AROS for Mac

I’m hoping to make some progress this weekend on my AROS (AmigaOS) clone for QEMU’s Mac Quadra 800, which apparently runs too quickly to boot a normal Mac Toolbox ROM? I mean, that’s my theory because I don’t care to run 68k MacOS, but it would be a testament to Apple’s poor software quality control if their boot ROM had a timing loop that stopped it from working on a fast JIT emulation of a 68040.

I haven’t disassembled Apple’s Quadra 800 ROM, because, again, I don’t care, but based on the PC and other registers where it’s getting stuck, it seems to be fairly early, like probing for I/O cards or testing the RAM or something where timing could matter.

Anyway, I have a dozen small .c files that I need to convert from the Amiga’s two CIA chips to the Mac’s two VIA chips and also get debug serial working and I think I can use color palette register 0 as another debug signal in the way AROS and AmigaOS do on an Amiga.

I just need to get some early boot log output to motivate me to do the real “fun” work of a SCSI driver for a controller that can normally do DMA transfers, but not the way Apple wired it up, so instead you have to use what’s called “pseudo-DMA”, which is DMA mode but then the CPU has to copy the data in a loop, like a non-DMA transfer, which would apparently be slightly slower?
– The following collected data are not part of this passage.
(* In any execution of $\mathcal{U}$, suppose a process $p$ reads $(t(o), o, h(o))$ from $A$ at line 8 at time $T$ and $o$ is done at time $T$. If $p$ subsequently executes line 10 (in the same iteration), then the condition tested at line 10 is false.
   Context: Model: an asynchronous shared-memory system with possibly infinitely many processes, any of which may crash, communicating via atomic shared objects. A fetch-and-increment (F\&I) object stores an integer; F\&I$(C)$ atomically returns the current value and increments it. A generalized-compare-and-swap (GCAS) object $O$ stores a value and supports Read$(O)$ and GCAS$(c, O, v_1, v_2)$, which atomically does: if $c(\text{current value of } O, v_1)$ holds then set $O := v_2$ and return true, else return false. Tuples are compared componentwise for $=$; GCAS$(>, A, (t,-,-), v)$ succeeds iff the time field of $A$ is strictly greater than $t$. Implemented type $\mathcal{T} = (OP, RES, Q, \delta)$ with initial state $s_0$; a procedure $apply_{\mathcal{T}}(o,s)$ returns some $(s',r)$ with $(s,o,s',r)\in\delta$. $NULL$ is a value different from every response of $\mathcal{T}$, and $NOOP$ is a name different from every operation of $\mathcal{T}$. Algorithm $\mathcal{U}$: each process $p$ owns a GCAS object $H_p$ with fields $(time, response)$. Shared objects: F\&I object $C$, initially $1$; GCAS object $A$ with fields $(time, op, ptr)$, initially $(0, NOOP, h(NOOP))$, where $h(NOOP)$ is a pointer to an immutable location containing $(0,\perp)$; GCAS object $S$ with fields $(time, state, response, ptr)$, initially $(0, s_0, \perp, h(NOOP))$. Process $p$ performs operation $o$ by calling DoOp$(o)$: (1) DoOp$(o)$ invoked; (2) $t := $ F\&I$(C)$; (3) $H_p := (t, NULL)$; (4) while $H_p = (t, NULL)$ do: (5) $(t^*, s^*, r^*, roptr^* ) := S$; (6) GCAS$(=, *roptr^*, (t^*, NULL), (t^*, r^* ))$; (7) GCAS$(>, A, (t,-,-), (t, o, \&H_p))$; (8) $(t', o', roptr') := A$; (9) $(\hat t, \hat r) := *roptr'$; (10) if $(\hat t,\hat r) = (t', NULL)$ then (11) $(s', r') := apply_{\mathcal{T}}(o', s^* )$; (12) GCAS$(=, S, (t^*,s^*,r^*,roptr^* ), (t', s', r', roptr'))$; (13) else GCAS$(=, A, (t', o', roptr'), (t, o, \&H_p))$; end while; (14) return $H_p.response$. Notation: an "operation" $o$ means one invocation of DoOp$(o)$ (or the initial $NOOP$). $p(o)$ is the process executing it; $t(o)$ is the value returned by its F\&I at line 2, or $\infty$ if line 2 has not been executed; $h(o)$ is $H_{p(o)}$. For $NOOP$: $t(NOOP)=0$ and $h(NOOP)$ is the immutable location containing $(0,\perp)$. Operation $o$ is done at time $T$ if at some time $T'\le T$, $h(o) = (t(o), r)$ with $r \neq NULL$. *)

theory Defs
  imports Main
begin

(* Responses stored in H_p / S: NULL, the special initial value \<bottom>, or a response of T. *)
datatype 'r resp = Null | Bot | Resp 'r

(* Pointers: h(NOOP) (immutable location holding (0,\<bottom>)) or &H_q *)
datatype 'p ptr = NoopLoc | HLoc 'p

(* Program counter: L1 = idle (next step invokes DoOp), Lk = next step executes line k *)
datatype pc = L1 | L2 | L3 | L4 | L5 | L6 | L7 | L8 | L9 | L10 | L11 | L12 | L13 | L14

record ('op,'s,'r,'p) lstate =
  pc  :: pc
  opn :: 'op
  tt  :: nat
  ts  :: nat            (* t* *)
  ss  :: 's             (* s* *)
  rs  :: "'r resp"      (* r* *)
  ps  :: "'p ptr"       (* roptr* *)
  tp  :: nat            (* t' *)
  opp :: "'op option"   (* o'  (None = NOOP) *)
  pp  :: "'p ptr"       (* roptr' *)
  th  :: nat            (* t-hat *)
  rh  :: "'r resp"      (* r-hat *)
  sp  :: 's             (* s' *)
  rp  :: 'r             (* r' *)

record ('op,'s,'r,'p) config =
  Cv :: nat                                   (* F&I object C *)
  Av :: "nat \<times> 'op option \<times> 'p ptr"          (* A = (time, op, ptr), None = NOOP *)
  Sv :: "nat \<times> 's \<times> 'r resp \<times> 'p ptr"      (* S = (time, state, response, ptr) *)
  Hv :: "'p \<Rightarrow> nat \<times> 'r resp"                (* H_q = (time, response) *)
  loc :: "'p \<Rightarrow> ('op,'s,'r,'p) lstate"

definition deref :: "('op,'s,'r,'p) config \<Rightarrow> 'p ptr \<Rightarrow> nat \<times> 'r resp" where
  "deref c x = (case x of NoopLoc \<Rightarrow> (0, Bot) | HLoc q \<Rightarrow> Hv c q)"

definition store :: "('op,'s,'r,'p) config \<Rightarrow> 'p ptr \<Rightarrow> nat \<times> 'r resp \<Rightarrow> ('op,'s,'r,'p) config" where
  "store c x v = (case x of NoopLoc \<Rightarrow> c | HLoc q \<Rightarrow> c\<lparr>Hv := (Hv c)(q := v)\<rparr>)"

definition setloc :: "('op,'s,'r,'p) config \<Rightarrow> 'p \<Rightarrow> ('op,'s,'r,'p) lstate \<Rightarrow> ('op,'s,'r,'p) config" where
  "setloc c p l = c\<lparr>loc := (loc c)(p := l)\<rparr>"

definition init_config :: "'s \<Rightarrow> ('op,'s,'r,'p) config \<Rightarrow> bool" where
  "init_config s0 c \<longleftrightarrow> Cv c = 1 \<and> Av c = (0, None, NoopLoc) \<and> Sv c = (0, s0, Bot, NoopLoc)
     \<and> (\<forall>q. fst (Hv c q) = 0) \<and> (\<forall>q. pc (loc c q) = L1)"

(* One atomic step of process p of algorithm U; delta is the transition relation of T *)
definition pstep :: "('s \<times> 'op \<times> 's \<times> 'r) set \<Rightarrow> 'p \<Rightarrow> ('op,'s,'r,'p) config \<Rightarrow> ('op,'s,'r,'p) config \<Rightarrow> bool" where
  "pstep delta p c c' \<longleftrightarrow> (let l = loc c p in case pc l of
     L1 \<Rightarrow> (\<exists>x. c' = setloc c p (l\<lparr>pc := L2, opn := x\<rparr>))
   | L2 \<Rightarrow> c' = setloc (c\<lparr>Cv := Cv c + 1\<rparr>) p (l\<lparr>tt := Cv c, pc := L3\<rparr>)
   | L3 \<Rightarrow> c' = setloc (c\<lparr>Hv := (Hv c)(p := (tt l, Null))\<rparr>) p (l\<lparr>pc := L4\<rparr>)
   | L4 \<Rightarrow> c' = setloc c p (l\<lparr>pc := (if Hv c p = (tt l, Null) then L5 else L14)\<rparr>)
   | L5 \<Rightarrow> (case Sv c of (t1, s1, r1, x1) \<Rightarrow>
             c' = setloc c p (l\<lparr>ts := t1, ss := s1, rs := r1, ps := x1, pc := L6\<rparr>))
   | L6 \<Rightarrow> c' = setloc (if deref c (ps l) = (ts l, Null) then store c (ps l) (ts l, rs l) else c)
                       p (l\<lparr>pc := L7\<rparr>)
   | L7 \<Rightarrow> c' = setloc (if fst (Av c) > tt l then c\<lparr>Av := (tt l, Some (opn l), HLoc p)\<rparr> else c)
                       p (l\<lparr>pc := L8\<rparr>)
   | L8 \<Rightarrow> (case Av c of (t1, o1, x1) \<Rightarrow>
             c' = setloc c p (l\<lparr>tp := t1, opp := o1, pp := x1, pc := L9\<rparr>))
   | L9 \<Rightarrow> (case deref c (pp l) of (t1, r1) \<Rightarrow>
             c' = setloc c p (l\<lparr>th := t1, rh := r1, pc := L10\<rparr>))
   | L10 \<Rightarrow> c' = setloc c p (l\<lparr>pc := (if (th l, rh l) = (tp l, Null) then L11 else L13)\<rparr>)
   | L11 \<Rightarrow> (\<exists>x s1 r1. opp l = Some x \<and> (ss l, x, s1, r1) \<in> delta \<and>
             c' = setloc c p (l\<lparr>sp := s1, rp := r1, pc := L12\<rparr>))
   | L12 \<Rightarrow> c' = setloc (if Sv c = (ts l, ss l, rs l, ps l)
                        then c\<lparr>Sv := (tp l, sp l, Resp (rp l), pp l)\<rparr> else c) p (l\<lparr>pc := L4\<rparr>)
   | L13 \<Rightarrow> c' = setloc (if Av c = (tp l, opp l, pp l)
                        then c\<lparr>Av := (tt l, Some (opn l), HLoc p)\<rparr> else c) p (l\<lparr>pc := L4\<rparr>)
   | L14 \<Rightarrow> c' = setloc c p (l\<lparr>pc := L1\<rparr>))"

(* An execution: time i is the configuration after i steps; each step is a step of some
   process (crashes = processes that stop taking steps); idle (stuttering) steps allow
   finite executions. *)
definition execution :: "('s \<times> 'op \<times> 's \<times> 'r) set \<Rightarrow> 's \<Rightarrow> (nat \<Rightarrow> ('op,'s,'r,'p) config) \<Rightarrow> bool" where
  "execution delta s0 E \<longleftrightarrow> init_config s0 (E 0) \<and>
     (\<forall>i. E (Suc i) = E i \<or> (\<exists>p. pstep delta p (E i) (E (Suc i))))"

(* Operations: the initial NOOP, or the invocation of DoOp by process q whose F&I returned t *)
datatype ('op,'p) operation = NoopOp | Inv 'p nat 'op

fun t_of :: "('op,'p) operation \<Rightarrow> nat" where
  "t_of NoopOp = 0" | "t_of (Inv q t x) = t"
fun name_of :: "('op,'p) operation \<Rightarrow> 'op option" where
  "name_of NoopOp = None" | "name_of (Inv q t x) = Some x"
fun h_of :: "('op,'p) operation \<Rightarrow> 'p ptr" where
  "h_of NoopOp = NoopLoc" | "h_of (Inv q t x) = HLoc q"

fun is_operation :: "(nat \<Rightarrow> ('op,'s,'r,'p) config) \<Rightarrow> ('op,'p) operation \<Rightarrow> bool" where
  "is_operation E NoopOp = True"
| "is_operation E (Inv q t x) = (\<exists>i. pc (loc (E i) q) = L2 \<and> pc (loc (E (Suc i)) q) = L3
       \<and> opn (loc (E i) q) = x \<and> tt (loc (E (Suc i)) q) = t)"

definition done_at :: "(nat \<Rightarrow> ('op,'s,'r,'p) config) \<Rightarrow> ('op,'p) operation \<Rightarrow> nat \<Rightarrow> bool" where
  "done_at E oi T \<longleftrightarrow> (\<exists>T' \<le> T. \<exists>r. deref (E T') (h_of oi) = (t_of oi, r) \<and> r \<noteq> Null)"

end

theory Submission
  imports Defs
begin

text \<open>Once \<open>o\<close> is done, the location \<open>h(o)\<close> never again holds \<open>(t(o), NULL)\<close>: the only
  write of \<open>NULL\<close> is line 3 of \<open>H\<^sub>q\<close>'s owner, and it comes with a fresh time stamp from \<open>C\<close>,
  strictly larger than the one stored before. Between lines 8 and 10 process \<open>p\<close> keeps
  \<open>t' = t(o)\<close> and \<open>roptr' = h(o)\<close>, and the pair tested at line 10 is what it read from
  \<open>h(o)\<close> at line 9, after time \<open>T\<close>; hence it differs from \<open>(t(o), NULL)\<close>.\<close>

text \<open>The last two clauses guarantee that line 6 never stores \<open>NULL\<close>.\<close>

definition U_invariant :: "('op,'s,'r,'p) config \<Rightarrow> bool" where
  "U_invariant c \<longleftrightarrow> (\<forall>q. fst (Hv c q) < Cv c)
     \<and> (\<forall>q. pc (loc c q) = L3 \<longrightarrow> fst (Hv c q) < tt (loc c q) \<and> tt (loc c q) < Cv c)
     \<and> (\<forall>q. pc (loc c q) = L6 \<longrightarrow> rs (loc c q) \<noteq> Null)
     \<and> fst (snd (snd (Sv c))) \<noteq> Null"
I know I can get on Hackaday for that, but it’s just my warmup practice. Once I write all those fun drivers for Apple’s silly ancient hardware to do my “m68k-mac” port, I want to port AROS to a new retro machine that’s much cooler than the original Amiga line but in the same spirit, and has FPGA custom chips that are just brilliantly well thought-out, the Foenix A2560-040V.
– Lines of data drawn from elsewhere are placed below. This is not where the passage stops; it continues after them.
section \<open>Maximum principle\<close>

lemma second_deriv_nonpos_at_interior_max:
  fixes u u' :: "real \<Rightarrow> real"
  assumes "a < x0" "x0 < b"
    and du: "\<And>x. x \<in> {a<..<b} \<Longrightarrow> (u has_real_derivative u' x) (at x)"
    and d2u: "(u' has_real_derivative l) (at x0)"
    and max: "\<And>x. x \<in> {a<..<b} \<Longrightarrow> u x \<le> u x0"
  shows "l \<le> 0"
proof (rule ccontr)
  assume "\<not> l \<le> 0"
  then have "l > 0" by simp
  have "u' x0 = 0"
  proof (rule DERIV_local_max[OF du[of x0]])
    show "x0 \<in> {a<..<b}" "0 < min (x0 - a) (b - x0)"
      using assms by auto
    show "\<forall>y. \<bar>x0 - y\<bar> < min (x0 - a) (b - x0) \<longrightarrow> u y \<le> u x0"
      by (intro allI impI max) auto
  qed
  obtain d where "d > 0" and d: "\<And>h. h > 0 \<Longrightarrow> h < d \<Longrightarrow> u' x0 < u' (x0 + h)"
    using DERIV_pos_inc_right[OF d2u \<open>l > 0\<close>] by blast
  define h where "h = min (d/2) ((b - x0)/2)"
  have h: "h > 0" "h < d" "x0 + h < b"
    using \<open>d > 0\<close> assms(2) by (auto simp: h_def min_def field_simps)
  obtain z where z: "x0 < z" "z < x0 + h" "u (x0 + h) - u x0 = (x0 + h - x0) * u' z"
    using MVT2[of x0 "x0 + h" u u'] h assms du by fastforce
  have "u' z > 0"
    using d[of "z - x0"] z h \<open>u' x0 = 0\<close> by auto
  with h(1) have "h * u' z > 0"
    by simp
  then have "u (x0 + h) > u x0"
    using z(3) by simp
  moreover have "u (x0 + h) \<le> u x0"
    using max[of "x0 + h"] h assms by auto
  ultimately show False by simp
qed

lemma less_if_second_deriv_pos_at_max:
  fixes u u' :: "real \<Rightarrow> real"
  assumes "a < x" "x < b"
    and "\<And>y. y \<in> {a<..<b} \<Longrightarrow> (u has_real_derivative u' y) (at y)"
    and "(u' has_real_derivative l) (at x)"
    and "\<And>y. y \<in> {a<..<b} \<Longrightarrow> u y \<le> M"
    and "u x = M \<Longrightarrow> l > 0"
  shows "u x < M"
proof (rule ccontr)
  assume "\<not> u x < M"
  moreover have "u x \<le> M"
    using assms(1,2,5) by simp
  ultimately have "u x = M"
    by simp
  have "l \<le> 0"
    using assms(5) \<open>u x = M\<close> by (intro second_deriv_nonpos_at_interior_max[OF assms(1-4)]) auto
  with assms(6) \<open>u x = M\<close> show False
    by simp
qed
I’m curious what % of Amiga games actually need the custom chips, out of the games that don’t turn off the OS completely and go straight to the hardware, and what % I could get working with minimal effort by emulating things like color palette and audio registers with the MMU (the M68040V has no FPU, but it does, thankfully, include an MMU).

And even for the games that do a lot of low-level tricks, I have the source to some, like Agony, that could easily be ported to the A2560-040V, but not to the Mac Quadra, so is there a way to abstract that? From what I can see right now, if I wanted to port a game like Yves Grolet’s Agony to the A2560-040V, as a challenge, which is really tightly tied to the Amiga’s dual playfield and hardware sprites, do I try to port it to run on top of Tilengine and then do an optimized port of Tilengine for A2560-040V, or try to port it to write directly to the video chipset in the FPGA?

I like the idea of trying to port Tilengine, but trying to port Agony (written in m68k assembly) to a different m68k system is definitely an extra credit challenge rather than a sensible one.